* What this task involves
Give the number of lines in the data that contain "fixes", and nothing more.

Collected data
-- Opening Marker --

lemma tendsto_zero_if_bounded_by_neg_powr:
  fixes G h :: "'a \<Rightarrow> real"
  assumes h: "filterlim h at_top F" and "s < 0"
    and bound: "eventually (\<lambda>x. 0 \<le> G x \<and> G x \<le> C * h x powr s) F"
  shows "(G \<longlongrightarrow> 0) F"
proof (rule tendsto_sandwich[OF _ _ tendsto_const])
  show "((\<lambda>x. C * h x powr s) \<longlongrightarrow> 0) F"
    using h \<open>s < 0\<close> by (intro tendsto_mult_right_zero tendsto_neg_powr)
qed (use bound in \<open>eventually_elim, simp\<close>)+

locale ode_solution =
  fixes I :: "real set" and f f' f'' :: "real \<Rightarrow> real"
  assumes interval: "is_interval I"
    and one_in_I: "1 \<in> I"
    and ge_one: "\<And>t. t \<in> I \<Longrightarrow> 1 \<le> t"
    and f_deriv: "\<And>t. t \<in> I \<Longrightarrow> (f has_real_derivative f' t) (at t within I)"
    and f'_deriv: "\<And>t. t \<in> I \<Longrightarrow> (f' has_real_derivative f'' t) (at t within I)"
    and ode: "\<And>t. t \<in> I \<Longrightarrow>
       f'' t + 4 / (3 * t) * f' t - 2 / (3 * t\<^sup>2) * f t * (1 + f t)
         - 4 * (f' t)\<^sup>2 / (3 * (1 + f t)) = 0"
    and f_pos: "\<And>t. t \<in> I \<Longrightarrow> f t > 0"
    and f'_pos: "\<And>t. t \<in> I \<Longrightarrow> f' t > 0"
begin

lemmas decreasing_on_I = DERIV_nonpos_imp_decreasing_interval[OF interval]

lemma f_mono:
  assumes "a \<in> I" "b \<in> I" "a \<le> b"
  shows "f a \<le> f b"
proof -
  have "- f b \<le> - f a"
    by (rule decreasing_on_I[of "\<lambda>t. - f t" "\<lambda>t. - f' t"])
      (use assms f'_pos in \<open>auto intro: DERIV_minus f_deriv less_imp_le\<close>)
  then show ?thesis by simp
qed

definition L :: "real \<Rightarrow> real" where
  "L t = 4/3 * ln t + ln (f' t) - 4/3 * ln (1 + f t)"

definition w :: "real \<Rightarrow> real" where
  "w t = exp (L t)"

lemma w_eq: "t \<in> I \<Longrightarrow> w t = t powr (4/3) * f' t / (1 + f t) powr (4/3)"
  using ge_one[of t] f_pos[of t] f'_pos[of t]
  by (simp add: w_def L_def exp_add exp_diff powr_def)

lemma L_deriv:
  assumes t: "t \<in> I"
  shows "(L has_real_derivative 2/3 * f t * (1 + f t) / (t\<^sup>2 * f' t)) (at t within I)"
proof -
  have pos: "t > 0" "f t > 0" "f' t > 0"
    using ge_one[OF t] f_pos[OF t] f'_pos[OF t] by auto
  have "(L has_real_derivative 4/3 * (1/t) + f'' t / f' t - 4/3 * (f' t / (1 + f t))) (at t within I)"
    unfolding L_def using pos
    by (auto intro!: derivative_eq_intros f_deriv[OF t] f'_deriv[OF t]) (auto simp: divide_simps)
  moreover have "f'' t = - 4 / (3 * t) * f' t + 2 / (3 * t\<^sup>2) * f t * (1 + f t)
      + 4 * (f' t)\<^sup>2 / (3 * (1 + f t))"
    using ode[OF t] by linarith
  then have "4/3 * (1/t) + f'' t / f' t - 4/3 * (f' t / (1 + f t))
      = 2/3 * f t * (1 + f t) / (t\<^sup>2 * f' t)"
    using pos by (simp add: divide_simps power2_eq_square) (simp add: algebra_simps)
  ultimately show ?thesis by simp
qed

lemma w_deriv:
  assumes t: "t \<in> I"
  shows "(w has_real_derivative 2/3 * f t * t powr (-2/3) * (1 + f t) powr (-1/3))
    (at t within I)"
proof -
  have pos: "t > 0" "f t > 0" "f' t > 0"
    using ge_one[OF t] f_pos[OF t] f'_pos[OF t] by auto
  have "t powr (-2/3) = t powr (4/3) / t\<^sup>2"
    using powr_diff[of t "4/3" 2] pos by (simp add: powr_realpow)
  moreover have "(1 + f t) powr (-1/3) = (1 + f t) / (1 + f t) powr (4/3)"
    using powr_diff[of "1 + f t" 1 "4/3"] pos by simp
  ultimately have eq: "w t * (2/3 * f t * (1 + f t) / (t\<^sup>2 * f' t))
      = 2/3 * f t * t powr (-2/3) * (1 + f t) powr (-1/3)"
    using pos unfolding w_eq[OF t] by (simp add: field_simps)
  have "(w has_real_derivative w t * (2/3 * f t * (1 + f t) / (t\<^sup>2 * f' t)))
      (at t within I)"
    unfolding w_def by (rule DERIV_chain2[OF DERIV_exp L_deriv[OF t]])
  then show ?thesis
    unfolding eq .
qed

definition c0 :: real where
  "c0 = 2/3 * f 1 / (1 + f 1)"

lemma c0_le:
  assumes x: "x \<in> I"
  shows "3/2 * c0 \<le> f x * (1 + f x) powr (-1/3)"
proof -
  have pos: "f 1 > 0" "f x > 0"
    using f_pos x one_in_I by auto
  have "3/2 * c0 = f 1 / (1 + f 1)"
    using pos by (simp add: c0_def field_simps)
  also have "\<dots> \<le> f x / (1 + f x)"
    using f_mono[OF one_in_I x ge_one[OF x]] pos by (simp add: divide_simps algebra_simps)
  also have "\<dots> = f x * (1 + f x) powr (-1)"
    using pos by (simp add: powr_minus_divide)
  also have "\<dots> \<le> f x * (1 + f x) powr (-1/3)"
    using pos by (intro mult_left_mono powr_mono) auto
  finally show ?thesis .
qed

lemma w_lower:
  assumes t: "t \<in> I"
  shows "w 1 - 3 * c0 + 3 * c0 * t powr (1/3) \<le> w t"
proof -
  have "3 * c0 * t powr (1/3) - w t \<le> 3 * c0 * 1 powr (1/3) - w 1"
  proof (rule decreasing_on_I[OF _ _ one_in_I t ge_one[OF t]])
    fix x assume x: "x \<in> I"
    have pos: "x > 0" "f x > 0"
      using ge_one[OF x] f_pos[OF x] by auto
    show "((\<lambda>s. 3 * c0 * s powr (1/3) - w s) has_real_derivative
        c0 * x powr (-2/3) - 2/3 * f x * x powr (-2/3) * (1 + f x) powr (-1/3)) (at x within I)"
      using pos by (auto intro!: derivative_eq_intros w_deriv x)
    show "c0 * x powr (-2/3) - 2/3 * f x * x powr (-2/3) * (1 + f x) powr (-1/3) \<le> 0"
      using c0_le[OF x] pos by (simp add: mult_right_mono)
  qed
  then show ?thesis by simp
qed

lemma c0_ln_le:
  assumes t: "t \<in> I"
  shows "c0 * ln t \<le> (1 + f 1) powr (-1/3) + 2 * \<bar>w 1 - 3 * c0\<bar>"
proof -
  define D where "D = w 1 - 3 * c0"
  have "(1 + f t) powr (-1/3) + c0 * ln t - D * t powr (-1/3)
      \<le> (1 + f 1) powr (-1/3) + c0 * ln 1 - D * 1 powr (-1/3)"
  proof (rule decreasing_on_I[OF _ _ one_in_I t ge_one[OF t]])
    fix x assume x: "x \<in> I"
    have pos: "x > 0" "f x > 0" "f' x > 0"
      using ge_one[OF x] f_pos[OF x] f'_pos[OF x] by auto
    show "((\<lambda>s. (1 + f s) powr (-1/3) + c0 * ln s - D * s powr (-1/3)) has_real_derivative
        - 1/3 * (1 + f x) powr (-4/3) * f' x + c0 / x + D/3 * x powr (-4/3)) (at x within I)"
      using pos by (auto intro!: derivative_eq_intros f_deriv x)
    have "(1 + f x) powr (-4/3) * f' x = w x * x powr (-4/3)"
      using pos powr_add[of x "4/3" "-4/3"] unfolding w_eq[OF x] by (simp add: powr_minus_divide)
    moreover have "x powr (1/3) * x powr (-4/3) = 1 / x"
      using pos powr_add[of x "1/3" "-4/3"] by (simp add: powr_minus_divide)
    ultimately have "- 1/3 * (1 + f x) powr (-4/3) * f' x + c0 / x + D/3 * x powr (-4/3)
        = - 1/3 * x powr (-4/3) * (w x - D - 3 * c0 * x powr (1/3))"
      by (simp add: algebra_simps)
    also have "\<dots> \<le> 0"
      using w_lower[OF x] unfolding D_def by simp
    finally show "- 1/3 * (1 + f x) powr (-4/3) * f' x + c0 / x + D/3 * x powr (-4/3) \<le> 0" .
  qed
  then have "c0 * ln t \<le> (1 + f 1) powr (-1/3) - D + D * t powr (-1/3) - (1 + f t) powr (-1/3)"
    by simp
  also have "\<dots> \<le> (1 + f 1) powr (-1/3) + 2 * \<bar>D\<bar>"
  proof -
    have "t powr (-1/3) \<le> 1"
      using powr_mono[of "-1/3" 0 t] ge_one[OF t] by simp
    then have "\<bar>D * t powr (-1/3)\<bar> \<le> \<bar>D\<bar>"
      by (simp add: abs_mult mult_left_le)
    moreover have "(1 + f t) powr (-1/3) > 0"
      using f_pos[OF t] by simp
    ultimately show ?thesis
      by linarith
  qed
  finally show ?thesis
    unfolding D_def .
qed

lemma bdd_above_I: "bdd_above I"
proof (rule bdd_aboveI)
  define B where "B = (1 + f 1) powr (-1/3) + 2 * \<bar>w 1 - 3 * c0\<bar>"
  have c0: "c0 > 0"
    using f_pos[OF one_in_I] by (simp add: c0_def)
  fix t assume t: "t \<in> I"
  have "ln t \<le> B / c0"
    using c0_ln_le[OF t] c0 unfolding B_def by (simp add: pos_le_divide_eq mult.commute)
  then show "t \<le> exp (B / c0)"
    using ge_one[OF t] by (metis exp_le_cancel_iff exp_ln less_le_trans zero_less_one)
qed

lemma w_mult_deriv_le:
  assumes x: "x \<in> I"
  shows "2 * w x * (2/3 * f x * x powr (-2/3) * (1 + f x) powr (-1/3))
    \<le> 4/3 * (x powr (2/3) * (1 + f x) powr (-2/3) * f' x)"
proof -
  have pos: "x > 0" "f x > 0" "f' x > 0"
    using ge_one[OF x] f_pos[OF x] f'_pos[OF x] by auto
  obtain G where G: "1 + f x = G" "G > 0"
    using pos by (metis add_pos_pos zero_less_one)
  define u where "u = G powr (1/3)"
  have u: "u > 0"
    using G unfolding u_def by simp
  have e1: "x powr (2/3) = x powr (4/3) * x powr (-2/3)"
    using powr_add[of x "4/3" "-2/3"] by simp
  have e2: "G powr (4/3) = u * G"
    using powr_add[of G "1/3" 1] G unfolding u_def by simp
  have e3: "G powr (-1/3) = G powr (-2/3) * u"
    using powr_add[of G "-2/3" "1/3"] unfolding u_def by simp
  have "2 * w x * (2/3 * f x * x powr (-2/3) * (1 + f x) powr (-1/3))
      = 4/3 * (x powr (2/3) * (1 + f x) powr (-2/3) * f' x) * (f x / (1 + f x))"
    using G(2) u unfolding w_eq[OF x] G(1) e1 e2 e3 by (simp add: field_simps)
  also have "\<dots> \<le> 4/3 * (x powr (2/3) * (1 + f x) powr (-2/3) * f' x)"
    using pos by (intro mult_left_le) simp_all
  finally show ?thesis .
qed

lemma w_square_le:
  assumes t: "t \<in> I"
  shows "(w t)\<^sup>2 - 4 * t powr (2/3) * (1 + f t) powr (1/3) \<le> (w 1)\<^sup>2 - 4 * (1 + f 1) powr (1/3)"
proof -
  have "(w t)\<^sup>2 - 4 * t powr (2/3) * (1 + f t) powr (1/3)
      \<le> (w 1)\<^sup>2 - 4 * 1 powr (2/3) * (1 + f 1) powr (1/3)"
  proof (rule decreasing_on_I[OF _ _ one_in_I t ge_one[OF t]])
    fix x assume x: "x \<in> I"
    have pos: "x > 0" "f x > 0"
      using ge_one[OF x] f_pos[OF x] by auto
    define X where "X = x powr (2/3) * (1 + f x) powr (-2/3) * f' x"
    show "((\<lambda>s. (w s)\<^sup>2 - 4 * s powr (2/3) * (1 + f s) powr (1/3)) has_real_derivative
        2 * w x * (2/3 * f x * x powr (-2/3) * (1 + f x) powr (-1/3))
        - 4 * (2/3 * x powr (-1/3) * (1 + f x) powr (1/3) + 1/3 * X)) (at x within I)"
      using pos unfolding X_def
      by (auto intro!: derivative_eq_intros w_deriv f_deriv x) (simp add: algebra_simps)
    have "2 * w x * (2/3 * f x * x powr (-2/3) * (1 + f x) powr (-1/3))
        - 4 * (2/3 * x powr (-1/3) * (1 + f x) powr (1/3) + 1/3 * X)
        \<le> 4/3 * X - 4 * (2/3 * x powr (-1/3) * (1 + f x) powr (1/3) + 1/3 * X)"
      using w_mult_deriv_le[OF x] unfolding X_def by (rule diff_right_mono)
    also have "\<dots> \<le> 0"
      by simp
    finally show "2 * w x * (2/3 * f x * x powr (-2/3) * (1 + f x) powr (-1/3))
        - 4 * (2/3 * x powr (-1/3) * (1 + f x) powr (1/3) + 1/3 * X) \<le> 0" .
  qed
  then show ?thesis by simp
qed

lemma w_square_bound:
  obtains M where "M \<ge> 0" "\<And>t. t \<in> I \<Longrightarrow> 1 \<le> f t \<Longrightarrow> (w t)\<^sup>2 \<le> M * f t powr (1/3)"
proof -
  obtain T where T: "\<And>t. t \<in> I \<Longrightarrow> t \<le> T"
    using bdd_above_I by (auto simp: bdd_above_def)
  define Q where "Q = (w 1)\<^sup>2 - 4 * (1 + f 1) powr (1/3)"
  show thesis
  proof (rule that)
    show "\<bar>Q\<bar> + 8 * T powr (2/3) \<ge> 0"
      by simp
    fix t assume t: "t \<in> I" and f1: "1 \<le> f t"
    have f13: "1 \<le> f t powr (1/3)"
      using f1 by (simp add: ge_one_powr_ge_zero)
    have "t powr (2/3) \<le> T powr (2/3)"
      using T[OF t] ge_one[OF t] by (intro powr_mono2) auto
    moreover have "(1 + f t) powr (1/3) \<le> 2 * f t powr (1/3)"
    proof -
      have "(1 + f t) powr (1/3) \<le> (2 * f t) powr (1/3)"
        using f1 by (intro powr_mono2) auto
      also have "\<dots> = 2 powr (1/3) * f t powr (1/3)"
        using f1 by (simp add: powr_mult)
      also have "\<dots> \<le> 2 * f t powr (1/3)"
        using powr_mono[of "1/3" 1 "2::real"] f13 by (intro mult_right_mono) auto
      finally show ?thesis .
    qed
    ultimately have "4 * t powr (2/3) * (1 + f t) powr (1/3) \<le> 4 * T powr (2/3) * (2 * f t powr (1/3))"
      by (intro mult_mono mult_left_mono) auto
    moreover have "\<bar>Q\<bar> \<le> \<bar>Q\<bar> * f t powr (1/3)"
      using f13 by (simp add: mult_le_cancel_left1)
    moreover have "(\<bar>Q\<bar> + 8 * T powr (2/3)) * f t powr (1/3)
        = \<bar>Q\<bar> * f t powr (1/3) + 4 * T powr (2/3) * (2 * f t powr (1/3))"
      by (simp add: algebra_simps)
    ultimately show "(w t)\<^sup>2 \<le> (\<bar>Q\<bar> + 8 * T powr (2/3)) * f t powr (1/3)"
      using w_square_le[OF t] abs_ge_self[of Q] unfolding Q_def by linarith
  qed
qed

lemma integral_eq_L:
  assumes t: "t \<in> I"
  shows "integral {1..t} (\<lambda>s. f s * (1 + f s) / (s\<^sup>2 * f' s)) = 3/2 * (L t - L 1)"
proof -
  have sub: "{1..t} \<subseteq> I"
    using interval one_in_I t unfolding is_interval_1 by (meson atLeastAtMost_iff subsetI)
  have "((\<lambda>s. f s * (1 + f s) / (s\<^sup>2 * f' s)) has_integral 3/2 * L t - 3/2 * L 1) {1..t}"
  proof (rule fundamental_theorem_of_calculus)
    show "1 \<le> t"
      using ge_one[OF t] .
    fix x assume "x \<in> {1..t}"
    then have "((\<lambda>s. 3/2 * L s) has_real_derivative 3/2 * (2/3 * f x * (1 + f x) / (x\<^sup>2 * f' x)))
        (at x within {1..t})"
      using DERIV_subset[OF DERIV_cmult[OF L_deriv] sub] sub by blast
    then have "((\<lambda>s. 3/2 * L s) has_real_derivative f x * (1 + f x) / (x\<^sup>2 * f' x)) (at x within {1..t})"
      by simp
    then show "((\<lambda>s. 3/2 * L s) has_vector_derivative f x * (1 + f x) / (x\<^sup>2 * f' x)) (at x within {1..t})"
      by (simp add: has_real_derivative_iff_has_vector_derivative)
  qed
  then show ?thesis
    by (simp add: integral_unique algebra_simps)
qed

-- Closing Marker --
-- Opening Marker --

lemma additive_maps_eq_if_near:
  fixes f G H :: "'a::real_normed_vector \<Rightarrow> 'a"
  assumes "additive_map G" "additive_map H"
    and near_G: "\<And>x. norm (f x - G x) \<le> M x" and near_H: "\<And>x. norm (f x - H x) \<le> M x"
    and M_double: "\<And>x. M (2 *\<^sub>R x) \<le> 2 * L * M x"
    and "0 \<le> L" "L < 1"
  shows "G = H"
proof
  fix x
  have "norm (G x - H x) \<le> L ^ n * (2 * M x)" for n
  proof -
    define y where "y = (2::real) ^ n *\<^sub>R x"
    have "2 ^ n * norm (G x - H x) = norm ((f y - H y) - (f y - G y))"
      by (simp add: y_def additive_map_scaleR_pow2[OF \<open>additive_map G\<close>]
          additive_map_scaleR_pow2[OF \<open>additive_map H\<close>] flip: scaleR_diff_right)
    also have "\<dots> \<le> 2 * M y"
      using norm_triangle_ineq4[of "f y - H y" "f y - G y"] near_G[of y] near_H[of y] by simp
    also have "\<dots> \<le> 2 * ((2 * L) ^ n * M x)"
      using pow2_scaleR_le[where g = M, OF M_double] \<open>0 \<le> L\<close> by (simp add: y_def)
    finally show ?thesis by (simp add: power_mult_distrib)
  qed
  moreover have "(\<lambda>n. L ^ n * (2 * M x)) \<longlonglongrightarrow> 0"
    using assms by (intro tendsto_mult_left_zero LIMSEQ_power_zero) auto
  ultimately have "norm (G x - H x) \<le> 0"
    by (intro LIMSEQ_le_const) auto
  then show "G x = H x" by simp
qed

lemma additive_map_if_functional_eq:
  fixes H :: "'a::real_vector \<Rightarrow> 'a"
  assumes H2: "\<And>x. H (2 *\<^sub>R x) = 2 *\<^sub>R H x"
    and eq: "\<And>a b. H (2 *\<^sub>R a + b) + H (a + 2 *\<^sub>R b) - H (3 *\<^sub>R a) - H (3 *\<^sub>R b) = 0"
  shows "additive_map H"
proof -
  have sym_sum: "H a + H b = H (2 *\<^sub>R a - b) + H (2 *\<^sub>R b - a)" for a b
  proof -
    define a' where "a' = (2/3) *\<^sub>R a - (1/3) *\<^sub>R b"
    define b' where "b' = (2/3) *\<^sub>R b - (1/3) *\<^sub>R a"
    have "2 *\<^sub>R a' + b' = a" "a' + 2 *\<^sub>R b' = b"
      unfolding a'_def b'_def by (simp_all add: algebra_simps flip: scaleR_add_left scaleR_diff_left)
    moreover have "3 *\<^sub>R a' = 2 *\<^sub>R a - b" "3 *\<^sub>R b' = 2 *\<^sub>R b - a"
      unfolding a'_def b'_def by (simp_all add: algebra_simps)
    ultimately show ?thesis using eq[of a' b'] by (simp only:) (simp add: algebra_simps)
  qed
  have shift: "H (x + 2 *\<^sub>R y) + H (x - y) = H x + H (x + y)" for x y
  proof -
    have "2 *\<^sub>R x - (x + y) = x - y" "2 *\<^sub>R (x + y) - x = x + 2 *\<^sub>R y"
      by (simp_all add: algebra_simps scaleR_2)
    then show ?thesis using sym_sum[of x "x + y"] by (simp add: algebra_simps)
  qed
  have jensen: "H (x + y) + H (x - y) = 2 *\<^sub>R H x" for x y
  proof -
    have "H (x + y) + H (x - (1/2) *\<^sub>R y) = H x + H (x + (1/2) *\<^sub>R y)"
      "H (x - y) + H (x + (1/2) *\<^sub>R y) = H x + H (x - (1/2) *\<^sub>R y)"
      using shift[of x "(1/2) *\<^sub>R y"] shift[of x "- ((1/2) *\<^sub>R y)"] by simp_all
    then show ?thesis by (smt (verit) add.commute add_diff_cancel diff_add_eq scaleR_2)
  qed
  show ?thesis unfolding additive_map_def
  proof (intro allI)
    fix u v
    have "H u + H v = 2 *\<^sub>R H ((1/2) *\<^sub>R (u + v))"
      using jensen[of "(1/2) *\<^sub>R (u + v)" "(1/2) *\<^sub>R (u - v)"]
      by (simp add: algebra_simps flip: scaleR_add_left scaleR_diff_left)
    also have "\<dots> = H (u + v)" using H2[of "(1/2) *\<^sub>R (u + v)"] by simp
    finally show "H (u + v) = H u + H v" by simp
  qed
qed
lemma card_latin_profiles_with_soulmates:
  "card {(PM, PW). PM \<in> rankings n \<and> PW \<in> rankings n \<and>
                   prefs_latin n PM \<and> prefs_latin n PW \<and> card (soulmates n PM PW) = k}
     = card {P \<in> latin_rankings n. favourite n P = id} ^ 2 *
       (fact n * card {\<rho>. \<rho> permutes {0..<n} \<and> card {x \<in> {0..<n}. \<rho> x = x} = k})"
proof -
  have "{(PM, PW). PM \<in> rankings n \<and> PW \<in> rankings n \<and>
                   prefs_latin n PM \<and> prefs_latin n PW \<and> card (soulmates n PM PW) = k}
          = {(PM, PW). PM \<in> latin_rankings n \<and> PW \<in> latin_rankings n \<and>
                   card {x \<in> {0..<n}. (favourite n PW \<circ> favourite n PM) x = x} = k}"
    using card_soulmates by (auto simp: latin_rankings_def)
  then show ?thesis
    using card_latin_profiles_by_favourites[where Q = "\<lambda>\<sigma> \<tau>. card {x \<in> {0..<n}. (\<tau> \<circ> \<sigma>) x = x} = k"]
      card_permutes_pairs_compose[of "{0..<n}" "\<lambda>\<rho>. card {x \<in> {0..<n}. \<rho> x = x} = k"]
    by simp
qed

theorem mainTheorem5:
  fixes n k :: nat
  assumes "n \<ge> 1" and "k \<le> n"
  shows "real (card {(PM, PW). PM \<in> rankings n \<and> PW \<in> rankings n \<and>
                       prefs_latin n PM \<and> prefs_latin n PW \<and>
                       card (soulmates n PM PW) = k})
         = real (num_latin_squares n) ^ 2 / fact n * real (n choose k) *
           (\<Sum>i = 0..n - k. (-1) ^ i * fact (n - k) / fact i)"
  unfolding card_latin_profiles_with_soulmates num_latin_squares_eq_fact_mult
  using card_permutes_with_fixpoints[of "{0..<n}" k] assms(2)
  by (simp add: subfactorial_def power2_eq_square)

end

-- Closing Marker --

* Response to the exercise
5